Start of Block

(* Let $\{X_\alpha\}$ be an arbitrary family (indexed by an arbitrary set) of positive real-valued random variables, with distribution functions $F_\alpha(t)=\mathbb{P}(X_\alpha\le t)$. The following are equivalent: (i) there exists an integrable random variable $Y$ such that $X_\alpha \le_{\mathrm{icx}} Y$ for all $\alpha$; (ii) $\{X_\alpha\}$ is uniformly integrable, i.e. $\sup_\alpha \mathbb{E}\, X_\alpha 1(X_\alpha>t)\to 0$ as $t\to\infty$; (iii) $\lim_{t\to\infty}\sup_\alpha \int_t^\infty (1-F_\alpha(u))\,du = 0$.
   Context: "Positive" means nonnegative. The random variables need not be defined on a common probability space; each $X_\alpha$ lives on its own probability space and $\mathbb{E}$ denotes expectation there. For positive random variables $X_1,X_2$, $X_1\le_{\mathrm{icx}} X_2$ (increasing convex order) means $\mathbb{E}\phi(X_1)\le\mathbb{E}\phi(X_2)$ for all increasing (nondecreasing) convex functions $\phi:\mathbb{R}_+\to\mathbb{R}_+$; equivalently, $\mathbb{E}(X_1-t)_+\le \mathbb{E}(X_2-t)_+$ for all $t\ge 0$, where $x_+=\max(x,0)$. *)

theory Defs
  imports "HOL-Probability.Probability"
begin

definition pos_rv :: "'a measure \<Rightarrow> ('a \<Rightarrow> real) \<Rightarrow> bool" where
  "pos_rv M X \<longleftrightarrow> prob_space M \<and> X \<in> borel_measurable M \<and> (\<forall>x\<in>space M. 0 \<le> X x)"

definition icx_le :: "'a measure \<Rightarrow> ('a \<Rightarrow> real) \<Rightarrow> 'b measure \<Rightarrow> ('b \<Rightarrow> real) \<Rightarrow> bool" where
  "icx_le M1 X1 M2 X2 \<longleftrightarrow>
     (\<forall>\<phi> :: real \<Rightarrow> real. mono_on {0..} \<phi> \<and> convex_on {0..} \<phi> \<and> (\<forall>x\<ge>0. 0 \<le> \<phi> x) \<longrightarrow>
        (\<integral>\<^sup>+ x. ennreal (\<phi> (X1 x)) \<partial>M1) \<le> (\<integral>\<^sup>+ y. ennreal (\<phi> (X2 y)) \<partial>M2))"

definition distr_fun :: "'a measure \<Rightarrow> ('a \<Rightarrow> real) \<Rightarrow> real \<Rightarrow> real" where
  "distr_fun M X t = measure M {x \<in> space M. X x \<le> t}"

end

theory Submission
  imports Defs
begin

text \<open>
  Everything is routed through the
  stop-loss transform  t \<mapsto> E max(X - t, 0)  and the upper envelope of these transforms over
  the family; each of the three conditions is shown to be equivalent to the envelope vanishing at
  infinity.
  \<^item> Stop-loss basics: the layer-cake formula (on [0, \<infinity>) the function in (iii) is the envelope), the
    two-sided comparison with the tail expectation E X 1(X > t) (condition (ii)), and the fact that
    increasing convex order implies stop-loss order.
  \<^item> Conversely, stop-loss order implies increasing convex order: a nondecreasing convex \<phi> on
    [0, \<infinity>) is the pointwise limit from below of nonnegative combinations of hinges
    max(x - s, 0) (piecewise-linear interpolation on finer and finer grids); Fatou's lemma passes to
    the limit.
  \<^item> If the envelope vanishes, a mixture of point masses at geometrically chosen levels yields an
    integrable variable whose stop-loss transform dominates the envelope, hence dominates every
    member of the family in increasing convex order.
\<close>

definition tail_expectation :: "'a measure \<Rightarrow> ('a \<Rightarrow> real) \<Rightarrow> real \<Rightarrow> ennreal" where
  "tail_expectation M X t = (\<integral>\<^sup>+ x. ennreal (X x * indicator {t<..} (X x)) \<partial>M)"

definition stop_loss :: "'a measure \<Rightarrow> ('a \<Rightarrow> real) \<Rightarrow> real \<Rightarrow> ennreal" where
  "stop_loss M X t = (\<integral>\<^sup>+ x. ennreal (max 0 (X x - t)) \<partial>M)"

text \<open>Layer-cake formula: the integrated survival function over [t, \<infinity>) is the stop-loss
  transform E max(X - t, 0) (Fubini--Tonelli applied to the indicator of t \<le> u < X).\<close>
lemma survival_tail_eq_stop_loss:
  assumes P: "pos_rv M X" and t: "0 \<le> t"
  shows "(\<integral>\<^sup>+ u. ennreal (indicator {t..} u * (1 - distr_fun M X u)) \<partial>lborel) = stop_loss M X t"
proof -
  interpret prob_space M using P by (simp add: pos_rv_def)
  have [measurable]: "X \<in> borel_measurable M" using P by (simp add: pos_rv_def)
  interpret pair_sigma_finite lborel M
    by (simp add: pair_sigma_finite.intro lborel.sigma_finite_measure_axioms sigma_finite_measure_axioms)
  define between where "between = (\<lambda>(u::real, x). if t \<le> u \<and> u < X x then 1 else 0 :: ennreal)"
  have between_measurable: "between \<in> borel_measurable (lborel \<Otimes>\<^sub>M M)"
    unfolding between_def by measurable
  have inner_M: "ennreal (indicator {t..} u * (1 - distr_fun M X u)) = (\<integral>\<^sup>+ x. between (u, x) \<partial>M)" for u
  proof (cases "t \<le> u")
    case True
    have le_event: "{x \<in> space M. X x \<le> u} \<in> events" by measurable
    have "1 - distr_fun M X u = prob (space M - {x \<in> space M. X x \<le> u})"
      unfolding distr_fun_def using prob_compl[OF le_event] by simp
    also have "space M - {x \<in> space M. X x \<le> u} = {x \<in> space M. u < X x}" by auto
    finally have "ennreal (1 - distr_fun M X u) = emeasure M {x \<in> space M. u < X x}"
      by (simp add: emeasure_eq_measure)
    also have "\<dots> = (\<integral>\<^sup>+ x. indicator {x \<in> space M. u < X x} x \<partial>M)"
      by (rule nn_integral_indicator[symmetric]) measurable
    also have "\<dots> = (\<integral>\<^sup>+ x. between (u, x) \<partial>M)"
      by (rule nn_integral_cong) (auto simp: between_def True indicator_def)
    finally show ?thesis using True by simp
  qed (simp add: between_def)
  have inner_lborel: "(\<integral>\<^sup>+ u. between (u, x) \<partial>lborel) = ennreal (max 0 (X x - t))" for x
  proof (cases "t \<le> X x")
    case True
    have "(\<integral>\<^sup>+ u. between (u, x) \<partial>lborel) = (\<integral>\<^sup>+ u. indicator {t..<X x} u \<partial>lborel)"
      by (rule nn_integral_cong) (auto simp: between_def indicator_def)
    then show ?thesis using True by simp
  next
    case False
    then have "between (u, x) = 0" for u by (auto simp: between_def)
    then show ?thesis using False by simp
  qed
  have "(\<integral>\<^sup>+ u. ennreal (indicator {t..} u * (1 - distr_fun M X u)) \<partial>lborel)
      = (\<integral>\<^sup>+ u. (\<integral>\<^sup>+ x. between (u, x) \<partial>M) \<partial>lborel)" by (simp add: inner_M)
  also have "\<dots> = (\<integral>\<^sup>+ x. (\<integral>\<^sup>+ u. between (u, x) \<partial>lborel) \<partial>M)"
    using Fubini[OF between_measurable] by simp
  also have "\<dots> = stop_loss M X t" by (simp add: inner_lborel stop_loss_def)
  finally show ?thesis .
qed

End of Block

**Instructions to follow**
Set the entries down again precisely as they were given.

**Exercise output**
(* Let $\{X_\alpha\}$ be an arbitrary family (indexed by an arbitrary set) of positive real-valued random variables, with distribution functions $F_\alpha(t)=\mathbb{P}(X_\alpha\le t)$. The following are equivalent: (i) there exists an integrable random variable $Y$ such that $X_\alpha \le_{\mathrm{icx}} Y$ for all $\alpha$; (ii) $\{X_\alpha\}$ is uniformly integrable, i.e. $\sup_\alpha \mathbb{E}\, X_\alpha 1(X_\alpha>t)\to 0$ as $t\to\infty$; (iii) $\lim_{t\to\infty}\sup_\alpha \int_t^\infty (1-F_\alpha(u))\,du = 0$.
   Context: "Positive" means nonnegative. The random variables need not be defined on a common probability space; each $X_\alpha$ lives on its own probability space and $\mathbb{E}$ denotes expectation there. For positive random variables $X_1,X_2$, $X_1\le_{\mathrm{icx}} X_2$ (increasing convex order) means $\mathbb{E}\phi(X_1)\le\mathbb{E}\phi(X_2)$ for all increasing (nondecreasing) convex functions $\phi:\mathbb{R}_+\to\mathbb{R}_+$; equivalently, $\mathbb{E}(X_1-t)_+\le \mathbb{E}(X_2-t)_+$ for all $t\ge 0$, where $x_+=\max(x,0)$. *)

theory Defs
  imports "HOL-Probability.Probability"
begin

definition pos_rv :: "'a measure \<Rightarrow> ('a \<Rightarrow> real) \<Rightarrow> bool" where
  "pos_rv M X \<longleftrightarrow> prob_space M \<and> X \<in> borel_measurable M \<and> (\<forall>x\<in>space M. 0 \<le> X x)"

definition icx_le :: "'a measure \<Rightarrow> ('a \<Rightarrow> real) \<Rightarrow> 'b measure \<Rightarrow> ('b \<Rightarrow> real) \<Rightarrow> bool" where
  "icx_le M1 X1 M2 X2 \<longleftrightarrow>
     (\<forall>\<phi> :: real \<Rightarrow> real. mono_on {0..} \<phi> \<and> convex_on {0..} \<phi> \<and> (\<forall>x\<ge>0. 0 \<le> \<phi> x) \<longrightarrow>
        (\<integral>\<^sup>+ x. ennreal (\<phi> (X1 x)) \<partial>M1) \<le> (\<integral>\<^sup>+ y. ennreal (\<phi> (X2 y)) \<partial>M2))"

definition distr_fun :: "'a measure \<Rightarrow> ('a \<Rightarrow> real) \<Rightarrow> real \<Rightarrow> real" where
  "distr_fun M X t = measure M {x \<in> space M. X x \<le> t}"

end

theory Submission
  imports Defs
begin

text \<open>
  Everything is routed through the
  stop-loss transform  t \<mapsto> E max(X - t, 0)  and the upper envelope of these transforms over
  the family; each of the three conditions is shown to be equivalent to the envelope vanishing at
  infinity.
  \<^item> Stop-loss basics: the layer-cake formula (on [0, \<infinity>) the function in (iii) is the envelope), the
    two-sided comparison with the tail expectation E X 1(X > t) (condition (ii)), and the fact that
    increasing convex order implies stop-loss order.
  \<^item> Conversely, stop-loss order implies increasing convex order: a nondecreasing convex \<phi> on
    [0, \<infinity>) is the pointwise limit from below of nonnegative combinations of hinges
    max(x - s, 0) (piecewise-linear interpolation on finer and finer grids); Fatou's lemma passes to
    the limit.
  \<^item> If the envelope vanishes, a mixture of point masses at geometrically chosen levels yields an
    integrable variable whose stop-loss transform dominates the envelope, hence dominates every
    member of the family in increasing convex order.
\<close>

definition tail_expectation :: "'a measure \<Rightarrow> ('a \<Rightarrow> real) \<Rightarrow> real \<Rightarrow> ennreal" where
  "tail_expectation M X t = (\<integral>\<^sup>+ x. ennreal (X x * indicator {t<..} (X x)) \<partial>M)"

definition stop_loss :: "'a measure \<Rightarrow> ('a \<Rightarrow> real) \<Rightarrow> real \<Rightarrow> ennreal" where
  "stop_loss M X t = (\<integral>\<^sup>+ x. ennreal (max 0 (X x - t)) \<partial>M)"

text \<open>Layer-cake formula: the integrated survival function over [t, \<infinity>) is the stop-loss
  transform E max(X - t, 0) (Fubini--Tonelli applied to the indicator of t \<le> u < X).\<close>
lemma survival_tail_eq_stop_loss:
  assumes P: "pos_rv M X" and t: "0 \<le> t"
  shows "(\<integral>\<^sup>+ u. ennreal (indicator {t..} u * (1 - distr_fun M X u)) \<partial>lborel) = stop_loss M X t"
proof -
  interpret prob_space M using P by (simp add: pos_rv_def)
  have [measurable]: "X \<in> borel_measurable M" using P by (simp add: pos_rv_def)
  interpret pair_sigma_finite lborel M
    by (simp add: pair_sigma_finite.intro lborel.sigma_finite_measure_axioms sigma_finite_measure_axioms)
  define between where "between = (\<lambda>(u::real, x). if t \<le> u \<and> u < X x then 1 else 0 :: ennreal)"
  have between_measurable: "between \<in> borel_measurable (lborel \<Otimes>\<^sub>M M)"
    unfolding between_def by measurable
  have inner_M: "ennreal (indicator {t..} u * (1 - distr_fun M X u)) = (\<integral>\<^sup>+ x. between (u, x) \<partial>M)" for u
  proof (cases "t \<le> u")
    case True
    have le_event: "{x \<in> space M. X x \<le> u} \<in> events" by measurable
    have "1 - distr_fun M X u = prob (space M - {x \<in> space M. X x \<le> u})"
      unfolding distr_fun_def using prob_compl[OF le_event] by simp
    also have "space M - {x \<in> space M. X x \<le> u} = {x \<in> space M. u < X x}" by auto
    finally have "ennreal (1 - distr_fun M X u) = emeasure M {x \<in> space M. u < X x}"
      by (simp add: emeasure_eq_measure)
    also have "\<dots> = (\<integral>\<^sup>+ x. indicator {x \<in> space M. u < X x} x \<partial>M)"
      by (rule nn_integral_indicator[symmetric]) measurable
    also have "\<dots> = (\<integral>\<^sup>+ x. between (u, x) \<partial>M)"
      by (rule nn_integral_cong) (auto simp: between_def True indicator_def)
    finally show ?thesis using True by simp
  qed (simp add: between_def)
  have inner_lborel: "(\<integral>\<^sup>+ u. between (u, x) \<partial>lborel) = ennreal (max 0 (X x - t))" for x
  proof (cases "t \<le> X x")
    case True
    have "(\<integral>\<^sup>+ u. between (u, x) \<partial>lborel) = (\<integral>\<^sup>+ u. indicator {t..<X x} u \<partial>lborel)"
      by (rule nn_integral_cong) (auto simp: between_def indicator_def)
    then show ?thesis using True by simp
  next
    case False
    then have "between (u, x) = 0" for u by (auto simp: between_def)
    then show ?thesis using False by simp
  qed
  have "(\<integral>\<^sup>+ u. ennreal (indicator {t..} u * (1 - distr_fun M X u)) \<partial>lborel)
      = (\<integral>\<^sup>+ u. (\<integral>\<^sup>+ x. between (u, x) \<partial>M) \<partial>lborel)" by (simp add: inner_M)
  also have "\<dots> = (\<integral>\<^sup>+ x. (\<integral>\<^sup>+ u. between (u, x) \<partial>lborel) \<partial>M)"
    using Fubini[OF between_measurable] by simp
  also have "\<dots> = stop_loss M X t" by (simp add: inner_lborel stop_loss_def)
  finally show ?thesis .
qed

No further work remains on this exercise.